Saved data entries

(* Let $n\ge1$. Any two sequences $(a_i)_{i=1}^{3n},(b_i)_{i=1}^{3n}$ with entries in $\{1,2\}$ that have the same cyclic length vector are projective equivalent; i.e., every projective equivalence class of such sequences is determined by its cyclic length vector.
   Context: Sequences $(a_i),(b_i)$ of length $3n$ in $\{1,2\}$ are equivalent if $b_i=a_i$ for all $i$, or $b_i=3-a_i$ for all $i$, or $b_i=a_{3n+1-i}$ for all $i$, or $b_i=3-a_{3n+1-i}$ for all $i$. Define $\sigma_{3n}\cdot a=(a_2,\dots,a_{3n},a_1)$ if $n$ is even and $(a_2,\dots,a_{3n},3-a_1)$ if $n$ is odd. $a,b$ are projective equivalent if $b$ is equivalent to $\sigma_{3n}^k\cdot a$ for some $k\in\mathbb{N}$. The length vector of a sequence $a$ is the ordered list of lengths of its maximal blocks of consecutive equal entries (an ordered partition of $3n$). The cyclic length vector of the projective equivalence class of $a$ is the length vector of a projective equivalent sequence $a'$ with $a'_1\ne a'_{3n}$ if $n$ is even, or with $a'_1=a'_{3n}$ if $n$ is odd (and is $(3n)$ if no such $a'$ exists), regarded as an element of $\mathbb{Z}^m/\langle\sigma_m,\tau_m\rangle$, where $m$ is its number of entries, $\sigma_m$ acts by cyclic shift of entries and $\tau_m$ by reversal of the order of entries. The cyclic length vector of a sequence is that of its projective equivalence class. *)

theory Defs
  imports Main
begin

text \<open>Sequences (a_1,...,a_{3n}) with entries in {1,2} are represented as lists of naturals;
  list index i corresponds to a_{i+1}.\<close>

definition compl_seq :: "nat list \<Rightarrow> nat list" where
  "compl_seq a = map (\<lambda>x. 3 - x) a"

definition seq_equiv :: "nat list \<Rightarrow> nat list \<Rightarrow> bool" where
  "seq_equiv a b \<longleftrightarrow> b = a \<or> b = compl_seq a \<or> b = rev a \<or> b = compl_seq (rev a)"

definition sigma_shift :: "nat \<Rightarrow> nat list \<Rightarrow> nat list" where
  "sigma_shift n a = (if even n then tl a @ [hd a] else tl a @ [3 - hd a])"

==

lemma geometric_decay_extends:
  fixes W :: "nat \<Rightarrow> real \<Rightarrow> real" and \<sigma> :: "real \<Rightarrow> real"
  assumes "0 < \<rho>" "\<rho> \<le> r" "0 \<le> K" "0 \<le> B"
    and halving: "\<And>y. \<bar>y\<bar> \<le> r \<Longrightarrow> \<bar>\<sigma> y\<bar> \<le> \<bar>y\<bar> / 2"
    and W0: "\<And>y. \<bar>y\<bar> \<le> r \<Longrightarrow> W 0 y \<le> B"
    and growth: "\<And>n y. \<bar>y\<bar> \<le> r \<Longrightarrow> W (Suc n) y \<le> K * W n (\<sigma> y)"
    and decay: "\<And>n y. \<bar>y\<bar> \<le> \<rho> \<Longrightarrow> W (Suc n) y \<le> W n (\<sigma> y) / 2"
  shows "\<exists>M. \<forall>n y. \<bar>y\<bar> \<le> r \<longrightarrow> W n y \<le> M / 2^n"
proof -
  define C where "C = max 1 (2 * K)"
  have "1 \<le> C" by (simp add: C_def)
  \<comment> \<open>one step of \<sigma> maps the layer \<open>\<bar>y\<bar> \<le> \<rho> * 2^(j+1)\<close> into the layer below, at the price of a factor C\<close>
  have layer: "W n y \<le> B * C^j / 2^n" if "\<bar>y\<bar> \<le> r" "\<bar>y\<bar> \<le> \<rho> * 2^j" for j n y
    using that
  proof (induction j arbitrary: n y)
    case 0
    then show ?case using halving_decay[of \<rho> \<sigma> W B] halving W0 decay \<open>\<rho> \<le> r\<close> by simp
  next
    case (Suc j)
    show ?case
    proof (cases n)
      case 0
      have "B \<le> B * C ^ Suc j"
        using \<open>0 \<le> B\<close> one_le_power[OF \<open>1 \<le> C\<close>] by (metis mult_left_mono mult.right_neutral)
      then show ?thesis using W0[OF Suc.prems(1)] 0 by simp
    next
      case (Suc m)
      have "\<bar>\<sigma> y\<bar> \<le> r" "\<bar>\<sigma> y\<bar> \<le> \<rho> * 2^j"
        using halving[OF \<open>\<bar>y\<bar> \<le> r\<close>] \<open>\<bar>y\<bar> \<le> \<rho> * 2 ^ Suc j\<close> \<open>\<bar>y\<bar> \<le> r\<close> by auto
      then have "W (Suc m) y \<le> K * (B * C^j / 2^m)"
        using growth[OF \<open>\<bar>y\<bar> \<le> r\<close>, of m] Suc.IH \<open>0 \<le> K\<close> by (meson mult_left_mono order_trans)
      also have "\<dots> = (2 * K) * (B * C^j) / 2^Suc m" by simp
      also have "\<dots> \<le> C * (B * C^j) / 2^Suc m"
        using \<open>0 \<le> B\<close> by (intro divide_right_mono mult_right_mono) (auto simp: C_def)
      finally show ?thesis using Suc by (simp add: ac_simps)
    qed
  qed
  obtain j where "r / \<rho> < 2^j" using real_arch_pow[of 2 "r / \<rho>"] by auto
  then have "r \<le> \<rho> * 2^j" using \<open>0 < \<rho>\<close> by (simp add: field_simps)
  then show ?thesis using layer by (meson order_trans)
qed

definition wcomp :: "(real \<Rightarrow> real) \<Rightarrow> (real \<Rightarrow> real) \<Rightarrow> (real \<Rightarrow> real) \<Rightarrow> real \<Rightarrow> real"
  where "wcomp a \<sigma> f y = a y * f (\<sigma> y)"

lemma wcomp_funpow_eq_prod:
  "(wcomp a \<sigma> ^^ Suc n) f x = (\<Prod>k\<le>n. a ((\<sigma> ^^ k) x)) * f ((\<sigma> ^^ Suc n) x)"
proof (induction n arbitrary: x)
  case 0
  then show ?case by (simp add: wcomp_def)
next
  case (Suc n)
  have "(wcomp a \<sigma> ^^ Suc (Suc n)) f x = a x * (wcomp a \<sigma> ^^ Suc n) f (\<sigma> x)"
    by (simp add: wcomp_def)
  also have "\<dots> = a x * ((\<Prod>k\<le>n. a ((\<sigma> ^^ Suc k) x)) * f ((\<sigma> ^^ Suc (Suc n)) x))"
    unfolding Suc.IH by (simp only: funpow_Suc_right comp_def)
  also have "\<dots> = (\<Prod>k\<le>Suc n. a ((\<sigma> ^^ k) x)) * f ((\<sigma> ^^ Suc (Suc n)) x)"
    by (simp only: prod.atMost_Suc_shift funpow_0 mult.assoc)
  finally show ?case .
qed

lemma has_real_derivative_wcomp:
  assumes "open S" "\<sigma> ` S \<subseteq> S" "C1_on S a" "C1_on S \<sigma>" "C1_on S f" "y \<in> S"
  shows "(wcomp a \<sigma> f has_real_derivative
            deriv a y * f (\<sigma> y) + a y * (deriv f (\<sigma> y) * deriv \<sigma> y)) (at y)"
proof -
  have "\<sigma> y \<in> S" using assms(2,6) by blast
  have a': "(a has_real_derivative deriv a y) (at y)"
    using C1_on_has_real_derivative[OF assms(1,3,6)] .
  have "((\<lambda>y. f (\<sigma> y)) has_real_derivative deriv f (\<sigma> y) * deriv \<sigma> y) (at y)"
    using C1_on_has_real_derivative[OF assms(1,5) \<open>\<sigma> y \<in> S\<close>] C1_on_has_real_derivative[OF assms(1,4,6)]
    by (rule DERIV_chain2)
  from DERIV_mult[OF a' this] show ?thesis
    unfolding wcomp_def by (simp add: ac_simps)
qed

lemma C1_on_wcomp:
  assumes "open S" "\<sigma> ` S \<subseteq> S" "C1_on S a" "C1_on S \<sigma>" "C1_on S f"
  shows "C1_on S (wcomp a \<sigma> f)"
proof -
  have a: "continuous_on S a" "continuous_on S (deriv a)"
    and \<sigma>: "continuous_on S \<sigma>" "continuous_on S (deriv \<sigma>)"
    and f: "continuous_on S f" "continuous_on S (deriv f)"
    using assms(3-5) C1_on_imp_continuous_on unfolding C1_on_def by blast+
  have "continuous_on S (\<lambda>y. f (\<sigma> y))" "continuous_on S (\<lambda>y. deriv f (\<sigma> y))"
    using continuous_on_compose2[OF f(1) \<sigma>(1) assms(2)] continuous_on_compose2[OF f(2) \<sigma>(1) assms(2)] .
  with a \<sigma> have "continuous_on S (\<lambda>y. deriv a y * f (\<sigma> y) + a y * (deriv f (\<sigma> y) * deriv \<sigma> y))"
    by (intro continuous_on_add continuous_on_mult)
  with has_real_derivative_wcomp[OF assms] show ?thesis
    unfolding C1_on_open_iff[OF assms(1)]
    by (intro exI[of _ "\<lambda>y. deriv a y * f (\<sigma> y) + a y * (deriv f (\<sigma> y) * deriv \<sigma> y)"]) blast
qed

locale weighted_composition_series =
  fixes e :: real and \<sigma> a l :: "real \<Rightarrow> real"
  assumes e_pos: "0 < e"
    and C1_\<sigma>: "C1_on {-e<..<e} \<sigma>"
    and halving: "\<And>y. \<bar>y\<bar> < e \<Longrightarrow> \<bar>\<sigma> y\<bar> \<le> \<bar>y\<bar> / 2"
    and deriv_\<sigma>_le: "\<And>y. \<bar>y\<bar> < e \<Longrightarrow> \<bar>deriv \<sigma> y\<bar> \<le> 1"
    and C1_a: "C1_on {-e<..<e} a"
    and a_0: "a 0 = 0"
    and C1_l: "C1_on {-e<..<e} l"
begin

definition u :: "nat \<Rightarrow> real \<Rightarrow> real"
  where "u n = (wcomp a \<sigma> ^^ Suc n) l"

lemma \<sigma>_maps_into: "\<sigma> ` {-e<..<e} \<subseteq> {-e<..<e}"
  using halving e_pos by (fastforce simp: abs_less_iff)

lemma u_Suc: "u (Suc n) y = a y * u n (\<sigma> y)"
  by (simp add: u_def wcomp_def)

* **Task**
Above are the records; copy exactly the lines from the line with "e \<Longrightarrow> \<bar>deriv" through the line with "by (simp add: u_def wcomp_def)", both included.

* **Answer**
    and deriv_\<sigma>_le: "\<And>y. \<bar>y\<bar> < e \<Longrightarrow> \<bar>deriv \<sigma> y\<bar> \<le> 1"
    and C1_a: "C1_on {-e<..<e} a"
    and a_0: "a 0 = 0"
    and C1_l: "C1_on {-e<..<e} l"
begin

definition u :: "nat \<Rightarrow> real \<Rightarrow> real"
  where "u n = (wcomp a \<sigma> ^^ Suc n) l"

lemma \<sigma>_maps_into: "\<sigma> ` {-e<..<e} \<subseteq> {-e<..<e}"
  using halving e_pos by (fastforce simp: abs_less_iff)

lemma u_Suc: "u (Suc n) y = a y * u n (\<sigma> y)"
  by (simp add: u_def wcomp_def)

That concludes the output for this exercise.